Interpersonal functioning in an eating disorder sample: Characteristics and treatment outcome
MetadataShow full item record
- Institutt for psykologi 
Difficulties with interpersonal functioning are considered core symptoms in eating disorders. The present study had a longitudinal design and the aim was to investigate the interpersonal functioning associated with individuals suffering from eating disorders. More specifically by investigating whether there are distinct interpersonal profiles in an eating disorder sample, by examining whether the interpersonal problems changed during the course of treatment and after, and to explore whether interpersonal functioning could affect treatment outcome. The present sample comprised 108 patients with a DSM-IV diagnosis of anorexia nervosa, bulimia nervosa or eating disorder not otherwise specified. The Inventory of Interpersonal Problems (IIP-C) and the structural summary method were used in order to group patients in to distinct groups according to their predominant interpersonal problem. The Eating Disorder Inventory II (EDI-2) was used to assess treatment outcome.

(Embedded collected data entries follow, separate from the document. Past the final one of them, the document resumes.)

(* In the ef-MCA model of the context with a two-parameter exponential family distribution $p(y;\vec{\eta})$ whose sufficient statistics satisfy $T_1(y)=y$, the condition on $W_{dh}$ (for the derivative of the lower bound $\mathcal{F}(q,\Theta)$ with respect to $W_{dh}$ and $V_{dh}$ to vanish, together with the corresponding condition $V_{dh}=\sum_n\langle\mathcal{A}_{dh}\rangle_{q^{(n)}}T_2(y_d^{(n)})/\sum_n\langle\mathcal{A}_{dh}\rangle_{q^{(n)}}$) is $$W_{dh}=\frac{\sum_{n=1}^N\langle\mathcal{A}_{dh}(\vec{s},\Theta)\rangle_{q^{(n)}}\,y_d^{(n)}}{\sum_{n=1}^N\langle\mathcal{A}_{dh}(\vec{s},\Theta)\rangle_{q^{(n)}}}.$$
   Context: Exponential family: $p(y;\vec{\eta})=h(y)\exp(\vec{\eta}^T\vec{T}(y)-A(\vec{\eta}))$, $\vec{T}(y)=(T_1(y),T_2(y))^T$, finite $A$. Mean value parameters $\vec{w}=\langle\vec{T}(y)\rangle_{p(y;\vec{\eta})}$, assumed invertible with inverse $\vec{\Phi}$. $F(w,v)=\langle y\rangle_{p(y;\vec{\Phi}(w,v))}$, $M_{dh}(\Theta)=F(W_{dh},V_{dh})$ for matrices $W,V\in\mathbb{R}^{D\times H}$ in $\Theta$. For $\vec{s}\in\{0,1\}^H$: $h(d,\vec{s},\Theta)=\mathrm{argmax}_h\{M_{dh}(\Theta)s_h\}$, $\bar{W}_d=W_{d\,h(d,\vec{s},\Theta)}$, $\bar{V}_d=V_{d\,h(d,\vec{s},\Theta)}$, $\vec{\tilde{\eta}}_d(\vec{s},\Theta)=\vec{\Phi}(\bar{W}_d,\bar{V}_d)$. Model: $p(\vec{s}\mid\Theta)=\prod_h\pi_h^{s_h}(1-\pi_h)^{1-s_h}$, $p(\vec{y}\mid\vec{s},\Theta)=\prod_d p(y_d;\vec{\tilde{\eta}}_d(\vec{s},\Theta))$. Data $\vec{y}^{(1)},\dots,\vec{y}^{(N)}$, distributions $q^{(n)}$ on $\{0,1\}^H$, lower bound $\mathcal{F}(q,\Theta)=\sum_n\sum_{\vec{s}}q^{(n)}(\vec{s})\{\sum_d\log p(y_d^{(n)};\vec{\tilde{\eta}}_d(\vec{s},\Theta))+\sum_h\log p(s_h\mid\Theta)\}+\mathcal{H}(q)$ with $\mathcal{H}$ the entropy. $\mathcal{A}_{dh}(\vec{s},\Theta)=1$ if $h=h(d,\vec{s},\Theta)$ and $0$ otherwise; $\langle\cdot\rangle_{q^{(n)}}$ is expectation under $q^{(n)}$. *)

theory Defs
  imports "HOL-Analysis.Analysis" "HOL-Probability.Probability"
begin

definition ef_integrand ::
  "(real \<Rightarrow> real) \<Rightarrow> (real \<Rightarrow> real) \<Rightarrow> (real \<Rightarrow> real) \<Rightarrow> real \<times> real \<Rightarrow> real \<Rightarrow> real" where
  "ef_integrand h T1 T2 eta y = h y * exp (fst eta * T1 y + snd eta * T2 y)"

definition ef_dom ::
  "real measure \<Rightarrow> (real \<Rightarrow> real) \<Rightarrow> (real \<Rightarrow> real) \<Rightarrow> (real \<Rightarrow> real) \<Rightarrow> (real \<times> real) set" where
  "ef_dom mu h T1 T2 = {eta. integrable mu (ef_integrand h T1 T2 eta)
                            \<and> (\<integral>y. ef_integrand h T1 T2 eta y \<partial>mu) > 0}"
lemma eventually_lyapunov_decrease:
  assumes "p \<in> zeros_sum A B"
  shows "eventually (\<lambda>n. lyapunov p (Suc n) \<le> rate * lyapunov p n) sequentially"
  using eventually_contraction[OF assms] eventually_ge_at_top[of 2]
proof eventually_elim
  case (elim n)
  then have n: "1 \<le> n" "1 \<le> n - 1" "Suc (n - 1) = n" by auto
  have relaxed: "x (Suc n) = (1 - theta_n n) *\<^sub>R (x n + beta_n n *\<^sub>R (x n - x (n - 1)))
      + theta_n n *\<^sub>R (y n - lam n *\<^sub>R (A (y n) - A (w n)))"
    using x_upd[OF n(1)] z_def[OF n(1)] by simp
  have contraction: "(norm (y n - lam n *\<^sub>R (A (y n) - A (w n)) - p))\<^sup>2
      \<le> tau_param mu L (lam 1) r * (norm (x n + alpha_n n *\<^sub>R (x n - x (n - 1)) - p))\<^sup>2"
    using elim(1) w_def[OF n(1)] by simp
  have "theta \<le> theta_n (n - 1)" "theta_n (n - 1) \<le> theta_n n"
      "theta_n n \<le> theta_upper (tau_param mu L (lam 1) r) beta"
    using c3[OF n(2)] c3[OF n(1)] n(3) by auto
  moreover have "0 \<le> alpha_n n" "alpha_n n \<le> alpha" "0 \<le> beta_n n" "beta_n n \<le> beta"
    using c1[OF n(1)] c2[OF n(1)] by auto
  ultimately show ?case
    using lyapunov_step[OF relaxed contraction] unfolding lyapunov_def by simp
qed

end
lemma dim_Un_span_Int_zero:
  assumes fin: "finite P" "finite Q" and meet: "span P \<inter> span Q = {0}"
  shows "dim (P \<union> Q) = dim P + dim Q"
proof -
  obtain BP where BP: "BP \<subseteq> P" "independent BP" "P \<subseteq> span BP" "card BP = dim P"
    using basis_exists by blast
  obtain BQ where BQ: "BQ \<subseteq> Q" "independent BQ" "Q \<subseteq> span BQ" "card BQ = dim Q"
    using basis_exists by blast
  have fin_B: "finite BP" "finite BQ"
    using BP(1) BQ(1) fin finite_subset by auto
  have span_B: "span BP \<subseteq> span P" "span BQ \<subseteq> span Q"
    using BP(1) BQ(1) span_mono by auto
  have disj: "BP \<inter> BQ = {}"
  proof -
    have "BP \<inter> BQ \<subseteq> {0}"
      using meet span_B span_superset[of BP] span_superset[of BQ] by blast
    then show ?thesis using BP(2) dependent_zero by blast
  qed
  have "independent (BP \<union> BQ)"
  proof
    assume "dependent (BP \<union> BQ)"
    then obtain a where nz: "\<exists>v\<in>BP \<union> BQ. a v \<noteq> 0"
      and sum0: "(\<Sum>v\<in>BP \<union> BQ. a v *s v) = 0"
      using dependent_finite fin_B by auto
    define sp where "sp = (\<Sum>v\<in>BP. a v *s v)"
    define sq where "sq = (\<Sum>v\<in>BQ. a v *s v)"
    have "sp = - sq"
      using sum0 disj fin_B by (simp add: sp_def sq_def sum.union_disjoint eq_neg_iff_add_eq_0)
    moreover have "sp \<in> span BP" "sq \<in> span BQ"
      unfolding sp_def sq_def by (intro span_sum span_scale span_base; assumption)+
    then have "sp \<in> span P" "sq \<in> span Q"
      using span_B by auto
    ultimately have "sp = 0" "sq = 0"
      using meet span_neg by fastforce+
    then have "\<forall>v\<in>BP. a v = 0" "\<forall>v\<in>BQ. a v = 0"
      using BP(2) BQ(2) dependent_finite fin_B unfolding sp_def sq_def by blast+
    with nz show False by blast
  qed
  moreover have "P \<union> Q \<subseteq> span (BP \<union> BQ)"
    using BP(3) BQ(3) span_mono[of BP "BP \<union> BQ"] span_mono[of BQ "BP \<union> BQ"] by blast
  ultimately have "card (BP \<union> BQ) = dim (P \<union> Q)"
    using BP(1) BQ(1) by (intro basis_card_eq_dim) auto
  then show ?thesis
    using card_Un_disjoint[OF fin_B disj] BP(4) BQ(4) by simp
qed

lemma dim_image_linear_inj:
  assumes lin: "Vector_Spaces.linear scale scale f" and inj: "inj_on f (span S)"
  shows "dim (f ` S) = dim S"
proof -
  interpret f: linear scale scale f by (rule lin)
  obtain B where B: "B \<subseteq> S" "independent B" "S \<subseteq> span B" "card B = dim S"
    using basis_exists by blast
  have span_B: "span B = span S"
    using B(1,3) span_mono span_span by (metis subset_antisym span_minimal subspace_span)
  have "dim (f ` S) = dim (span (f ` S))" by simp
  also have "span (f ` S) = span (f ` B)"
    using span_B f.span_image by simp
  also have "dim (span (f ` B)) = card (f ` B)"
    using f.independent_injective_image[OF B(2)] inj span_B dim_eq_card_independent by simp
  also have "card (f ` B) = card B"
    using inj_on_subset[OF inj] B(1) span_superset by (intro card_image) blast
  finally show ?thesis using B(4) by simp
qed
lemma observable_square_zero_state:
  fixes A :: "real mat"
  assumes A: "A \<in> carrier_mat n n" and C: "C \<in> carrier_mat 1 n"
    and obs: "observable_pair (A ^\<^sub>m 2) C"
    and no_zero_eigenvalue: "\<And>\<mu>::complex. eigenvalue (map_mat complex_of_real A) \<mu> \<Longrightarrow> \<mu> \<noteq> 0"
    and v: "v \<in> carrier_vec n" and r: "r < 2" and zeros: "\<And>s. output_seq A C v (2 * s + r) = 0"
  shows "v = 0\<^sub>v n"
proof -
  have even_zeros: "w = 0\<^sub>v n" if "w \<in> carrier_vec n" "\<And>s. output_seq A C w (2 * s) = 0" for w
    using observable_pair_zero_state[of "A ^\<^sub>m 2" n C w] A C obs that
    by (simp add: output_seq_square)
  show ?thesis
  proof (cases "r = 0")
    case True
    then show ?thesis using even_zeros[OF v] zeros by simp
  next
    case False
    then have "r = 1" using r by simp
    then have "output_seq A C (A *\<^sub>v v) (2 * s) = 0" for s
      using zeros[of s] output_seq_Suc[OF A C v, of "2 * s"] by simp
    then have "A *\<^sub>v v = 0\<^sub>v n" using even_zeros A v by simp
    then show ?thesis using kernel_trivial_if_no_zero_eigenvalue[OF A no_zero_eigenvalue v] by blast
  qed
qed

lemma finite_parity_class:
  fixes S :: "nat set"
  assumes "finite S"
  shows "finite {s. 2 * s + r \<in> S}"
  using finite_vimageI[OF assms, of "\<lambda>s. 2 * s + r"] by (simp add: inj_on_def vimage_def)

lemma card_eq_card_evens_plus_odds:
  fixes S :: "nat set"
  assumes "finite S"
  shows "card S = card {s. 2 * s \<in> S} + card {s. 2 * s + 1 \<in> S}"
proof -
  have "x \<in> (\<lambda>s. 2 * s) ` {s. 2 * s \<in> S} \<union> (\<lambda>s. 2 * s + 1) ` {s. 2 * s + 1 \<in> S}"
    if "x \<in> S" for x
    using that by (cases "even x") (auto elim!: evenE oddE)
  then have S: "S = (\<lambda>s. 2 * s) ` {s. 2 * s \<in> S} \<union> (\<lambda>s. 2 * s + 1) ` {s. 2 * s + 1 \<in> S}"
    by auto
  have "card S = card ((\<lambda>s. 2 * s) ` {s. 2 * s \<in> S}) + card ((\<lambda>s. 2 * s + 1) ` {s. 2 * s + 1 \<in> S})"
    using finite_parity_class[OF assms, of 0] finite_parity_class[OF assms, of 1]
    by (subst S, intro card_Un_disjoint) (auto, presburger)
  then show ?thesis by (simp add: card_image inj_on_def)
qed

lemma card_parity_class_ge:
  fixes S :: "nat set"
  assumes "finite S" and "2 * n \<le> Suc (card S)"
  obtains r where "r < 2" and "n \<le> card {s. 2 * s + r \<in> S}"
proof -
  have "n \<le> card {s. 2 * s \<in> S} \<or> n \<le> card {s. 2 * s + 1 \<in> S}"
    using card_eq_card_evens_plus_odds[OF assms(1)] assms(2) by linarith
  then show thesis using that[of 0] that[of 1] by auto
qed

theorem theorem1:
  fixes A C :: "real mat" and n :: nat and t :: "nat \<Rightarrow> nat"
  assumes "n \<ge> 1"
    and "A \<in> carrier_mat n n" and "C \<in> carrier_mat 1 n"
    and "observable_pair A C"
    and "\<And>\<mu>::complex. eigenvalue (map_mat complex_of_real A) \<mu> \<Longrightarrow> \<mu> \<noteq> 0"
    and "\<And>\<mu>::complex. eigenvalue (map_mat complex_of_real A) \<mu> \<Longrightarrow> \<mu> \<in> \<real>"
    and "observable_pair (A ^\<^sub>m 2) C"
    and "inj_on t {..<2 * n - 1}"
  shows "mat_rank (sample_obs_mat A C (2 * n - 1) t) = n"
proof -
  note A = assms(2) and C = assms(3)
  obtain ls where ls: "char_poly A = (\<Prod>l\<leftarrow>ls. [:- l, 1:])" "length ls = n"
    by (rule char_poly_real_factorization[OF A assms(6)])
  define ms where "ms = map (\<lambda>l. l\<^sup>2) (rev ls)"
  have ms: "\<forall>m\<in>set ms. 0 < m" "length ms = n"
    using char_poly_root_nonzero[OF A ls(1) assms(5)] ls(2) by (auto simp: ms_def)
  let ?O = "sample_obs_mat A C (2 * n - 1) t"
  have "v = 0\<^sub>v n" if v: "v \<in> carrier_vec n" and Ov: "?O *\<^sub>v v = 0\<^sub>v (2 * n - 1)" for v
  proof -
    let ?S = "t ` {..<2 * n - 1}"
    have "finite ?S" "2 * n \<le> Suc (card ?S)" using card_image[OF assms(8)] by auto
    then obtain r where r: "r < 2" "n \<le> card {s. 2 * s + r \<in> ?S}"
      by (rule card_parity_class_ge)
    have "output_seq A C v (t i) = 0" if "i < 2 * n - 1" for i
      using sample_obs_mat_mult_vec[OF A C that] arg_cong[OF Ov, of "\<lambda>x. x $ i"] that by simp
    then have zeros: "output_seq A C v (2 * z + r) = 0" if "z \<in> {s. 2 * s + r \<in> ?S}" for z
      using that by auto
    have "annihilated ms (\<lambda>s. output_seq A C v (2 * s + r))"
      unfolding ms_def using annihilated_output_seq_char_poly[OF A C v ls(1)]
      by (rule annihilated_subsequence_squares)
    from annihilated_eq_0_if_zeros[OF ms(1) this finite_parity_class[OF \<open>finite ?S\<close>] _ zeros]
    have "output_seq A C v (2 * s + r) = 0" for s using r(2) ms(2) by simp
    then show ?thesis using observable_square_zero_state[OF A C assms(7,5) v r(1)] by blast
  qed
  then have "vec_space.rank (2 * n - 1) ?O = n"
    by (intro vec_space.full_rank_if_kernel_trivial[OF sample_obs_mat_carrier[OF A]])
  then show ?thesis by (simp add: mat_rank_def sample_obs_mat_def)
qed

end
(* Let $n\ge 1$ and $M\ge 1$ be integers, let $\mathcal{X}=\{x^{(1)},\dots,x^{(L)}\}\subset\mathbb{C}$ be a finite set of $L$ channel input symbols, let $\sigma^2>0$, let $g:\mathbb{C}\to[0,+\infty]$ be measurable, let $\epsilon>0$, $B>0$ and $\delta\in\mathbb{R}$. Let $\mathscr{C}$ be an $(n,M,\epsilon,B,\delta)$-code (as defined in the context). Then $$\delta\ge\Big(1-\frac1B\sum_{\ell=1}^L P_{\mathscr{C}}(x^{(\ell)})\,\mathbb{E}\big[g(x^{(\ell)}+W)\big]\Big)^+,$$ where $(a)^+=\max(a,0)$ and $W$ is a complex circularly symmetric Gaussian random variable whose real and imaginary parts have zero means and variances $\sigma^2/2$.
   Context: Channel: for an input $\boldsymbol{x}\in\mathbb{C}^n$ the outputs are $\boldsymbol{Y}=\boldsymbol{x}+\boldsymbol{N}_1$ and $\boldsymbol{Z}=\boldsymbol{x}+\boldsymbol{N}_2$, where all components of $\boldsymbol{N}_1,\boldsymbol{N}_2$ are i.i.d. complex circularly symmetric Gaussian with real and imaginary parts of zero mean and variance $\sigma^2/2$; so $f_{Y|X}(y|x)=\frac{1}{\pi\sigma^2}\exp(-|y-x|^2/\sigma^2)$ per coordinate and $f_{\boldsymbol{Y}|\boldsymbol{X}}(\boldsymbol{y}|\boldsymbol{x})=\prod_t f_{Y|X}(y_t|x_t)$ (same for $\boldsymbol{Z}$). An $(n,M)$-code is $\mathscr{C}=\{(\boldsymbol{u}(i),\mathcal{D}_i)\}_{i=1}^M$ with codewords $\boldsymbol{u}(i)=(u_1(i),\dots,u_n(i))\in\mathcal{X}^n$, $|u_t(i)|\le P$ for a fixed peak power $P>0$, and pairwise disjoint measurable decoding sets $\mathcal{D}_i\subseteq\mathbb{C}^n$; $M\le 2^{n\lfloor\log_2L\rfloor}$. Error probabilities: $\gamma_i(\mathscr{C})=1-\int_{\mathcal{D}_i}f_{\boldsymbol{Y}|\boldsymbol{X}}(\boldsymbol{y}|\boldsymbol{u}(i))d\boldsymbol{y}$, $\gamma(\mathscr{C})=\frac1M\sum_i\gamma_i$; $(n,M,\epsilon)$-code means $\gamma(\mathscr{C})<\epsilon$. With $\bar g(\boldsymbol z)=\frac1n\sum_t g(z_t)$: $\theta_i(\mathscr{C},B)=\Pr[\bar g(\boldsymbol Z)<B\mid\boldsymbol X=\boldsymbol u(i)]$, $\theta(\mathscr{C},B)=\frac1M\sum_i\theta_i$; $(n,M,\epsilon,B,\delta)$-code means an $(n,M,\epsilon)$-code with $\theta(\mathscr{C},B)<\delta$. Types: $P_{\boldsymbol u(i)}(x^{(\ell)})=\frac1n\#\{t:u_t(i)=x^{(\ell)}\}$, $P_{\mathscr{C}}=\frac1M\sum_iP_{\boldsymbol u(i)}$. *)

theory Defs
  imports "HOL-Probability.Probability"
begin

text \<open>Complex circularly symmetric Gaussian density with mean x and total variance s2
  (real and imaginary parts each of variance s2/2): f(y|x) = exp(-|y-x|^2/s2)/(pi s2).\<close>
definition cgauss_pdf :: "real \<Rightarrow> complex \<Rightarrow> complex \<Rightarrow> real" where
  "cgauss_pdf s2 x y = exp (- ((cmod (y - x))\<^sup>2) / s2) / (pi * s2)"

text \<open>Output distribution on C^n (coordinates indexed by 1..n) when codeword u is sent;
  the same law governs both Y and Z.\<close>
definition channel_out :: "real \<Rightarrow> nat \<Rightarrow> (nat \<Rightarrow> complex) \<Rightarrow> (nat \<Rightarrow> complex) measure" where
  "channel_out s2 n u = PiM {1..n} (\<lambda>t. density lborel (\<lambda>y. ennreal (cgauss_pdf s2 (u t) y)))"

definition gbar :: "(complex \<Rightarrow> ennreal) \<Rightarrow> nat \<Rightarrow> (nat \<Rightarrow> complex) \<Rightarrow> ennreal" where
  "gbar g n z = (\<Sum>t\<in>{1..n}. g (z t)) / of_nat n"

definition is_code :: "complex set \<Rightarrow> real \<Rightarrow> nat \<Rightarrow> nat \<Rightarrow> (nat \<Rightarrow> nat \<Rightarrow> complex)
    \<Rightarrow> (nat \<Rightarrow> (nat \<Rightarrow> complex) set) \<Rightarrow> bool" where
  "is_code X P n M u D \<longleftrightarrow>
     (\<forall>i\<in>{1..M}. \<forall>t\<in>{1..n}. u i t \<in> X \<and> cmod (u i t) \<le> P) \<and>
     (\<forall>i\<in>{1..M}. D i \<in> sets (PiM {1..n} (\<lambda>_. (lborel :: complex measure)))) \<and>
     disjoint_family_on D {1..M} \<and>
     M \<le> 2 ^ (n * nat \<lfloor>log 2 (real (card X))\<rfloor>)"

definition avg_error :: "real \<Rightarrow> nat \<Rightarrow> nat \<Rightarrow> (nat \<Rightarrow> nat \<Rightarrow> complex)
    \<Rightarrow> (nat \<Rightarrow> (nat \<Rightarrow> complex) set) \<Rightarrow> real" where
  "avg_error s2 n M u D =
     (\<Sum>i\<in>{1..M}. 1 - measure (channel_out s2 n (u i)) (D i)) / real M"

The results showed that the eating disorder sample was primarily characterised by problems with being too submissive and socially avoidant. The present sample reported significantly reduced eating disorder symptoms post treatment, however some groups seemed to have better treatment effect than others. The present study replicated findings from other studies, in which patients with clinical eating disorders seem to be characterised as non-assertive, but with variation on the degree of interpersonal warmth.